Pourquoi les consoles Android sont l’avenir du jeu vidéo ?

Le marché du jeu vidéo évolue, et avec l'arrivée d'Android et la forte évolution des jeux mobiles disponibles sur le Play Store, le paysage vidéoludique connait des transformations qui pourrait, à terme, diminuer l'intérêt des consoles propriétaires au profit des consoles sous Android.

Depuis des dizaines d'années déjà, les consoles de jeu vidéo sont avec le PC les principales plateformes afin d'accéder à nos loisirs interactifs préférés dans nos foyers : sur grand écran, dans le salon ou en portabilité, les jeux vidéo s'expriment bien mieux lorsqu'ils ont un appareil dédié.

Toutefois, l'avènement d'Android en tant que système d'exploitation libre a provoqué un nouveau marché : celui des consoles tournant sous l'OS de Google. Et malgré l'incommensurable défaite de la OUYA, le lancement buggé de la Razer Forge ou l'indifférence accordée à la Madcatz MOJO, ce nouveau marché est en vérité là pour durer.

Car insidieusement, il s'agit du matériel qui se rapproche le plus de l'évolution des habitudes de consommation des foyers et tend à connaître les meilleures évolutions techniques sur ces dernières années. Alors que les tablettes sont en plein déclin, les box TV sous Android vont-elles monter au point de concurrencer les consoles ?

Un marché en pleine expansion

Il est une vérité que les éditeurs, développeurs et constructeurs ne peuvent plus ignorer : les jeux sur smartphones progressent d'année en année, à tel point que tout le monde cherche désormais à entrer dans ce marché.

Les éditeurs et développeurs tiers particulièrement ont pris très vite d'assaut le Play Store, à grand renfort de productions plus minimalistes mais utilisant leurs licences à succès comme Lara Croft Go dernièrement, et commencent à développer des jeux plus fournis avec par exemple Assassin's Creed Legend d'Ubisoft.
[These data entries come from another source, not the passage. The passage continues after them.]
text \<open>
  By fellow travelling, \<open>\<beta>\<close> stays in some \<open>\<N>_\<kappa>(b, n\<^sub>0)\<close>, which supplies the far-point
  hypothesis of the Strongly Morse theorem at every radius. Choosing \<open>r\<close> so large that
  \<open>m_b(q,Q) \<le> r/(2\<kappa>(r))\<close> and that \<open>\<beta>\<close> cannot reach norm \<open>r\<close> before a given time shows
  \<open>\<beta> \<subseteq> \<N>_\<kappa>(b, m)\<close>, \<open>m = m_b(q,Q)\<close>.

  Conversely, for \<open>b(s)\<close> continuity gives a point \<open>\<beta>(t)\<close> equally close to \<open>b[0,s]\<close> and
  \<open>b[s,\<infinity>)\<close>, hence within \<open>m \<kappa>(\<beta>(t))\<close> of both; convexity of the distance function in a
  CAT(0) space puts \<open>b(s)\<close> within the same bound of \<open>\<beta>(t)\<close>. Thus
  \<open>\<parallel>\<beta>(t)\<parallel> \<le> s + m \<kappa>(\<beta>(t))\<close>, and concavity of \<open>\<kappa>\<close> turns this into \<open>\<kappa>(\<beta>(t)) \<le> 2\<kappa>(s)\<close>
  unless \<open>s \<le> 2m\<kappa>(s)\<close>, in which case \<open>\<beta>(0) = b(0)\<close> is close enough.
\<close>

lemma CAT0_comparison:
  fixes x y z :: "'a::metric_space"
  assumes "CAT0 TYPE('a)"
    and "geodesic_segment g1 x y" "geodesic_segment g2 y z" "geodesic_segment g3 z x"
    and "dist x' y' = dist x y" "dist y' z' = dist y z" "dist z' x' = dist z x"
    and "s \<in> {0..dist x y}" "t \<in> {0..dist y z}"
  shows "dist (g1 s) (g2 t) \<le> dist (cmp_point x' y' (dist x y) s) (cmp_point y' z' (dist y z) t)"
  using assms(1)[unfolded CAT0_def, THEN conjunct2, rule_format, of g1 x y g2 z g3 x' y' z'] assms(2-9)
  by (simp add: Let_def)

lemma complex_triangle_exists:
  assumes "0 \<le> A" "A \<le> L + C" "C \<le> L + A" "L \<le> A + C"
  obtains z where "cmod z = A" "cmod (complex_of_real L - z) = C"
proof -
  define \<phi> where "\<phi> = (\<lambda>\<theta>. cmod (complex_of_real L - complex_of_real A * cis \<theta>))"
  have "\<phi> 0 = \<bar>L - A\<bar>"
    by (simp add: \<phi>_def flip: of_real_diff)
  moreover have "\<phi> pi = \<bar>L + A\<bar>"
    by (simp add: \<phi>_def flip: of_real_add)
  moreover have "continuous_on {0..pi} \<phi>"
    unfolding \<phi>_def by (intro continuous_intros)
  ultimately obtain \<theta> where "\<phi> \<theta> = C"
    using IVT'[of \<phi> 0 C pi] assms by force
  then show thesis
    using that[of "complex_of_real A * cis \<theta>"] assms(1) by (simp add: \<phi>_def norm_mult)
qed

lemma norm_of_real_segment_le_max:
  assumes "0 \<le> v" "v \<le> L"
  shows "cmod (complex_of_real v - z) \<le> max (cmod z) (cmod (complex_of_real L - z))"
proof (cases "L = 0")
  case True
  then show ?thesis using assms by (simp add: norm_minus_commute)
next
  case False
  define \<mu> where "\<mu> = v / L"
  have \<mu>: "0 \<le> \<mu>" "\<mu> \<le> 1" using assms False by (auto simp: \<mu>_def)
  have "complex_of_real v - z = complex_of_real (1 - \<mu>) * (- z) + complex_of_real \<mu> * (complex_of_real L - z)"
  proof -
    have "complex_of_real \<mu> * complex_of_real L = complex_of_real v"
      using False unfolding \<mu>_def of_real_mult[symmetric] by simp
    then show ?thesis by (simp add: algebra_simps)
  qed
  then have "cmod (complex_of_real v - z) \<le>
      cmod (complex_of_real (1 - \<mu>) * (- z)) + cmod (complex_of_real \<mu> * (complex_of_real L - z))"
    by (metis norm_triangle_ineq)
  also have "\<dots> = (1 - \<mu>) * cmod z + \<mu> * cmod (complex_of_real L - z)"
    using \<mu> by (simp add: norm_mult del: of_real_diff)
  also have "\<dots> \<le> (1 - \<mu>) * max (cmod z) (cmod (complex_of_real L - z)) + \<mu> * max (cmod z) (cmod (complex_of_real L - z))"
    using \<mu> by (intro add_mono mult_left_mono) auto
  finally show ?thesis by (simp add: algebra_simps)
qed

lemma CAT0_dist_geodesic_segment_le_max:
  fixes p :: "'a::metric_space"
  assumes cat: "CAT0 TYPE('a)" and g: "geodesic_segment g a c" and s: "s \<in> {0..dist a c}"
  shows "dist (g s) p \<le> max (dist a p) (dist c p)"
proof (cases "dist a c = 0")
  case True
  then show ?thesis using g s by (simp add: geodesic_segment_def)
next
  case False
  define L A C where "L = dist a c" and "A = dist p a" and "C = dist c p"
  have "geodesic_space TYPE('a)" using cat by (simp add: CAT0_def)
  then obtain g2 g3 where g2: "geodesic_segment g2 c p" and g3: "geodesic_segment g3 p a"
    unfolding geodesic_space_def by blast
  have "A \<le> L + C" "C \<le> L + A" "L \<le> A + C"
    unfolding L_def A_def C_def
    using dist_triangle[of p a c] dist_triangle[of c p a] dist_triangle[of a c p]
    by (simp_all add: dist_commute)
  then obtain z where z: "cmod z = A" "cmod (complex_of_real L - z) = C"
    using complex_triangle_exists[of A L C] by (auto simp: A_def)
  \<comment> \<open>In the comparison triangle \<open>0, L, z\<close> the point \<open>g s\<close> corresponds to \<open>s\<close> and \<open>p = g2 C\<close> to \<open>z\<close>.\<close>
  have "dist (g s) (g2 C) \<le> dist (cmp_point 0 (complex_of_real L) L s) (cmp_point (complex_of_real L) z C C)"
    using CAT0_comparison[OF cat g g2 g3, of 0 "complex_of_real L" z s C] s z
    by (simp add: L_def A_def C_def dist_norm norm_minus_commute)
  also have "cmp_point 0 (complex_of_real L) L s = complex_of_real s"
    using False by (simp add: cmp_point_def L_def del: of_real_divide flip: of_real_mult)
  also have "cmp_point (complex_of_real L) z C C = z"
    using z(2) by (cases "C = 0") (simp_all add: cmp_point_def)
  also have "dist (complex_of_real s) z \<le> max A C"
    using norm_of_real_segment_le_max[of s L z] s z by (simp add: dist_norm L_def)
  finally show ?thesis
    using g2 by (simp add: geodesic_segment_def A_def C_def dist_commute)
qed

lemma geodesic_ray_dist:
  assumes "geodesic_ray bp b" "s \<ge> 0"
  shows "dist bp (b s) = s"
proof -
  have "b 0 = bp" "dist (b 0) (b s) = \<bar>0 - s\<bar>"
    using assms by (auto simp: geodesic_ray_def)
  then show ?thesis using assms(2) by simp
qed

lemma CAT0_dist_geodesic_ray_le_max:
  fixes p :: "'a::metric_space"
  assumes cat: "CAT0 TYPE('a)" and b: "geodesic_ray bp b" and u: "0 \<le> u1" "u1 \<le> s" "s \<le> u2"
  shows "dist (b s) p \<le> max (dist (b u1) p) (dist (b u2) p)"
proof -
  have iso: "dist (b v) (b w) = \<bar>v - w\<bar>" if "v \<ge> 0" "w \<ge> 0" for v w
    using b that by (simp add: geodesic_ray_def)
  then have "dist (b u1) (b u2) = u2 - u1" using u by simp
  then have "geodesic_segment (\<lambda>v. b (u1 + v)) (b u1) (b u2)"
    using u iso by (auto simp: geodesic_segment_def)
  from CAT0_dist_geodesic_segment_le_max[OF cat this, of "s - u1" p]
  show ?thesis using \<open>dist (b u1) (b u2) = u2 - u1\<close> u by simp
qed

lemma infdist_less_imp_ex_dist_less:
  assumes "A \<noteq> {}" "infdist x A < d"
  obtains a where "a \<in> A" "dist x a < d"
proof -
  have "bdd_below ((\<lambda>a. dist x a) ` A)" by (rule bdd_belowI[of _ 0]) auto
  then show thesis using assms that by (auto simp: infdist_notempty cINF_less_iff)
qed

lemma CAT0_dist_geodesic_ray_le_infdist:
  fixes p :: "'a::metric_space"
  assumes cat: "CAT0 TYPE('a)" and b: "geodesic_ray bp b" and "s \<ge> 0"
    and before: "infdist p (b ` {0..s}) \<le> D" and after: "infdist p (b ` {s..}) \<le> D"
  shows "dist (b s) p \<le> D"
proof (rule field_le_epsilon)
  fix \<epsilon> :: real assume "\<epsilon> > 0"
  have "b ` {0..s} \<noteq> {}" "infdist p (b ` {0..s}) < D + \<epsilon>"
    using before \<open>\<epsilon> > 0\<close> \<open>s \<ge> 0\<close> by auto
  then obtain a1 where "a1 \<in> b ` {0..s}" "dist p a1 < D + \<epsilon>"
    by (rule infdist_less_imp_ex_dist_less)
  then obtain u1 where u1: "u1 \<in> {0..s}" "dist p (b u1) < D + \<epsilon>" by blast
  have "b ` {s..} \<noteq> {}" "infdist p (b ` {s..}) < D + \<epsilon>"
    using after \<open>\<epsilon> > 0\<close> by auto
  then obtain a2 where "a2 \<in> b ` {s..}" "dist p a2 < D + \<epsilon>"
    by (rule infdist_less_imp_ex_dist_less)
  then obtain u2 where u2: "u2 \<in> {s..}" "dist p (b u2) < D + \<epsilon>" by blast
  have "dist (b s) p \<le> max (dist (b u1) p) (dist (b u2) p)"
    using CAT0_dist_geodesic_ray_le_max[OF cat b] u1 u2 by auto
  then show "dist (b s) p \<le> D + \<epsilon>"
    using u1 u2 by (simp add: dist_commute)
qed

lemma sublinear_fn_ge_one: "sublinear_fn k \<Longrightarrow> t \<ge> 0 \<Longrightarrow> 1 \<le> k t"
  by (simp add: sublinear_fn_def)

lemma sublinear_fn_scaled_le:
  assumes k: "sublinear_fn k" and "0 < s" "s \<le> x"
  shows "s * k x \<le> x * k s"
proof -
  define v where "v = s / x"
  have v: "0 \<le> v" "v \<le> 1" "v * x = s" using assms by (auto simp: v_def)
  have "concave_on {0..} k" using k by (simp add: sublinear_fn_def)
  from concave_onD[OF this, of v 0 x] v assms
  have "(1 - v) * k 0 + v * k x \<le> k s" by simp
  moreover have "0 \<le> (1 - v) * k 0" using v sublinear_fn_ge_one[OF k, of 0] by simp
  ultimately have "x * (v * k x) \<le> x * k s"
    using assms by (intro mult_left_mono) auto
  then show ?thesis using v(3) by (metis mult.assoc mult.commute)
qed

lemma sublinear_fn_eventually_dominated:
  assumes "sublinear_fn k" "c \<ge> 0"
  obtains r where "r > B" "c * k r + B < r"
proof -
  have "((\<lambda>t. k t / t) \<longlongrightarrow> 0) at_top" using assms(1) by (simp add: sublinear_fn_def)
  then have "\<forall>\<^sub>F t in at_top. k t / t < 1 / (c + 1)"
    using assms(2) by (intro order_tendstoD(2)) auto
  moreover have "\<forall>\<^sub>F t in at_top. (\<bar>B\<bar> + 1) * (c + 1) < t" by (rule eventually_gt_at_top)
  ultimately have "\<forall>\<^sub>F t in at_top. k t / t < 1 / (c + 1) \<and> (\<bar>B\<bar> + 1) * (c + 1) < t"
    by (rule eventually_conj)
  then obtain N where "\<forall>t\<ge>N. k t / t < 1 / (c + 1) \<and> (\<bar>B\<bar> + 1) * (c + 1) < t"
    by (auto simp: eventually_at_top_linorder)
  then obtain r where r: "k r / r < 1 / (c + 1)" "(\<bar>B\<bar> + 1) * (c + 1) < r" by blast
  have "0 \<le> (\<bar>B\<bar> + 1) * (c + 1)" using assms(2) by simp
  then have "r > 0" using r(2) by linarith
  have "\<bar>B\<bar> + 1 < r / (c + 1)"
    using r(2) assms(2) by (simp add: field_simps)
  then have "B < r / (c + 1)" using abs_ge_self[of B] by linarith
  moreover have "c * k r \<le> c * (r / (c + 1))"
    using r(1) \<open>r > 0\<close> assms(2) by (intro mult_left_mono) (auto simp: field_simps)
  moreover have "c * (r / (c + 1)) + r / (c + 1) = (c + 1) * (r / (c + 1))"
    by (simp add: distrib_right add_divide_distrib)
  moreover have "(c + 1) * (r / (c + 1)) = r"
    using assms(2) by simp
  ultimately have "c * k r + B < r" by linarith
  moreover have "0 \<le> c * k r"
    using assms sublinear_fn_ge_one[of k r] \<open>r > 0\<close> by simp
  ultimately show thesis using that[of r] by linarith
qed

lemma sublinear_fn_implicit_bound:
  assumes k: "sublinear_fn k" and "M \<ge> 0" "s > 0" "x \<ge> 0"
    and small: "2 * M * k s < s" and implicit: "x \<le> s + M * k x"
  shows "k x \<le> 2 * k s"
proof (cases "x \<le> s")
  case True
  then have "k x \<le> k s"
    using k assms(3,4) by (intro mono_onD[of "{0..}" k]) (auto simp: sublinear_fn_def)
  then show ?thesis using sublinear_fn_ge_one[OF k, of s] assms(3) by linarith
next
  case False
  have "s * k x \<le> x * k s" using sublinear_fn_scaled_le[OF k] assms(3) False by simp
  also have "\<dots> \<le> (s + M * k x) * k s"
    using implicit sublinear_fn_ge_one[OF k, of s] assms(3) by (intro mult_right_mono) auto
  also have "\<dots> = s * k s + (M * k s) * k x" by (simp add: algebra_simps)
  also have "\<dots> \<le> s * k s + (s / 2) * k x"
    using small sublinear_fn_ge_one[OF k, of x] assms(4) by (intro add_left_mono mult_right_mono) auto
  finally have "s * k x \<le> s * (2 * k s)" by linarith
  then show ?thesis using assms(3) by simp
qed

lemma quasi_geodesic_ray_continuous_dist:
  "quasi_geodesic_ray bp q Q e \<Longrightarrow> continuous_on {0..} (\<lambda>t. dist bp (e t))"
  unfolding quasi_geodesic_ray_def by (intro continuous_intros) auto

lemma quasi_geodesic_ray_norm_bounds:
  assumes "quasi_geodesic_ray bp q Q e" "t \<ge> 0"
  shows "t / q - Q \<le> dist bp (e t)" "dist bp (e t) \<le> q * t + Q"
proof -
  have "e 0 = bp" and qi: "\<forall>s\<ge>0. \<forall>t\<ge>0. \<bar>s - t\<bar> / q - Q \<le> dist (e s) (e t) \<and> dist (e s) (e t) \<le> q * \<bar>s - t\<bar> + Q"
    using assms(1) by (auto simp: quasi_geodesic_ray_def)
  from qi[rule_format, of 0 t] \<open>e 0 = bp\<close> assms(2)
  show "t / q - Q \<le> dist bp (e t)" "dist bp (e t) \<le> q * t + Q" by auto
qed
Mais c'est l'arrivée des constructeurs qui est la plus remarquée, avec en tête Nintendo cette année qui sortira Miitomo en Europe d'ici peu et développe un jeu approfondi mettant en scène leurs plus grandes stars avec Pokémon Go qui sortira en fin d'année.

Sony, qui est en charge tout aussi bien de Xperia que de PlayStation, avait fait figure de précurseur en lançant PlayStation Mobile. Mais le service n'avait pas pris, et avait été fermé il y a 1 an. Toutefois, la nécessité de conquérir ce marché est telle qu'ils s'apprêtent à y revenir avec la création de ForwardsWorks qui utilisera les plus grandes licences de PlayStation.

Cette arrivée en masse des constructeurs n'est qu'un signe parmi tant d'autres que le jeu vidéo mobile est là pour rester. Après tout, lorsque les marques d'un secteur parallèle se doivent d'utiliser un nouveau média pour promouvoir leurs créations, n'est-ce pas là le légitimer ?

Les développeurs se préparent eux-mêmes à ce changement

Ce qui n'est pour le coup qu'une nouvelle opportunité marketing, créant des productions plus limitées afin de promouvoir leurs jeux et leurs réseaux, a pourtant la faculté de se transformer en de véritables jeux AAA à part entière.

Et pour cause, puisqu'aujourd'hui la majorité des plus grands et puissants moteurs de jeux permettent de développer directement sur mobile : Unreal Engine, CryEngine, Unity, tous développent aussi bien des outils spécialisés pour les smartphones que des modèles économiques arrangeants pour les créateurs, permettant l'accès facilité à ces outils professionnels à un moindre coût pour quiconque.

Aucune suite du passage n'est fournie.